Human Physiological and Neuroimaging Data

  1. Cam-CAN (Cambridge Centre for Ageing Neuroscience) dataset: fMRI, MRI, MEG, and behavioral human neurodata on people of various ages (i.e., cross-sectional data)
  2. Physionet: A wide array of clinically relevant physiological recordings (e.g., sleep staging EEG/EMG data, ECG data) as well as some software. For example, the CHB-MIT Scalp EEG Database consisting of inpatient ictal and interictal scalp EEG recordings from pediatric patients
  3. ieeg.org: A large database of EEG and intracranial EEG (iEEG) data from patients and animals suffering from epilepsy
  4. Kaggle iEEG epilepsy competitions:
    1. Seizure detection 2014
    2. Seizure prediction 2014
    3. Seizure prediction 2016
  5. Wrist sensor data for heart rate estimation
  6. Miller & Ojemann’s library of human electrocorticographic data and analyses: Free database of ECoG data acquired during various tasks (e.g., motor, memory, vision)
  7. University of Pennsylvania’s Electrophysiology Portal: Free database of iEEG data acquired during various cognitive tasks or brain states. The data are particularly good for studying memory and they have some intracranial electrical stimulation data as well.
  8. Arnaud Delorme’s list of public EEG datasets
  9. ABIDE autism neuroimaging databases: MRI and fMRI data from individuals diagnosed with autism and control participants
  10. PAMAP2 Physical Activity Monitoring Data set: Contains data of 18 different physical activities (such as walking, cycling, playing soccer, etc.), performed by 9 subjects wearing 3 inertial measurement units and a heart rate monitor.
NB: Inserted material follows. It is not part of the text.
(* Let $T$ be a tree and $s\in C$ any scenario of $T$. Then $T$ has a prime broadcast center under $s$.
   Context: $T$ is a finite tree with vertex set $V(T)$, $|V(T)|=n$, and edge set $E(T)$. Each edge $(u,v)$ carries an interval $[w^-_{u,v},w^+_{u,v}]$ of non-negative reals. A scenario $s$ assigns to every edge $(u,v)$ a weight $w^s_{u,v}\in[w^-_{u,v},w^+_{u,v}]$; $C$ is the set of all scenarios. A constant $\rho>0$ (connection time) is fixed. Broadcast time (postal model): for a subtree $G$ of $T$ and $u\in V(G)$, $b^s(u,G)$ is defined recursively by $b^s(u,G)=0$ if $u$ has no neighbour in $G$; otherwise, if $v_1,\dots,v_h$ are the neighbours of $u$ in $G$ and $G_{v}$ denotes the component of $G-u$ containing $v$, then $b^s(u,G)=\min_{\pi}\max_{1\le k\le h}\big(k\rho+w^s_{u,v_{\pi(k)}}+b^s(v_{\pi(k)},G_{v_{\pi(k)}})\big)$, the minimum over all permutations $\pi$ of $\{1,\dots,h\}$. The set of broadcast centers under $s$ is $B^s=\{u\in V(T): b^s(u,T)\le b^s(v,T)\ \forall v\in V(T)\}$. For distinct $x,y\in V(T)$, $T_{x,y}$ denotes the component of $T-x$ containing $y$, and $\bar T_{x,y}$ denotes the subtree of $T$ induced by $V(T)\setminus V(T_{x,y})$ (it contains $x$). A vertex $\hat\kappa\in B^s$ is a prime broadcast center of $T$ under $s$ if $b^s(\hat\kappa,\bar T_{\hat\kappa,u})\ge b^s(u,\bar T_{u,\hat\kappa})$ for every neighbour $u$ of $\hat\kappa$ in $T$. *)

theory Defs
  imports Main "HOL-Library.Extended_Real"
begin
The dataset can be used for activity recognition and intensity estimation, while developing and applying algorithms of data processing, segmentation, feature extraction and classification.
  11. The Human Connectome Project: fMRI, MRI, DTI, & MEG data from 900 individuals (some across several years I believe)
  12. OMEGA (The Open MEG Archive): Magnetoencephalogram database hosted by the Montreal Neurological Institute
  13. Heart Disease Data Set: 76 attributes of individuals that should help detect heart disease

Health Care Data:

  1. Medicare health outcomes survey: Measures the ‘physical and mental health and well-being’ of beneficiaries for a 2 year period. The data set covers recipients from 1998-2014.
  2. Medical expenditure panel survey: From the agency for Healthcare Research and Quality.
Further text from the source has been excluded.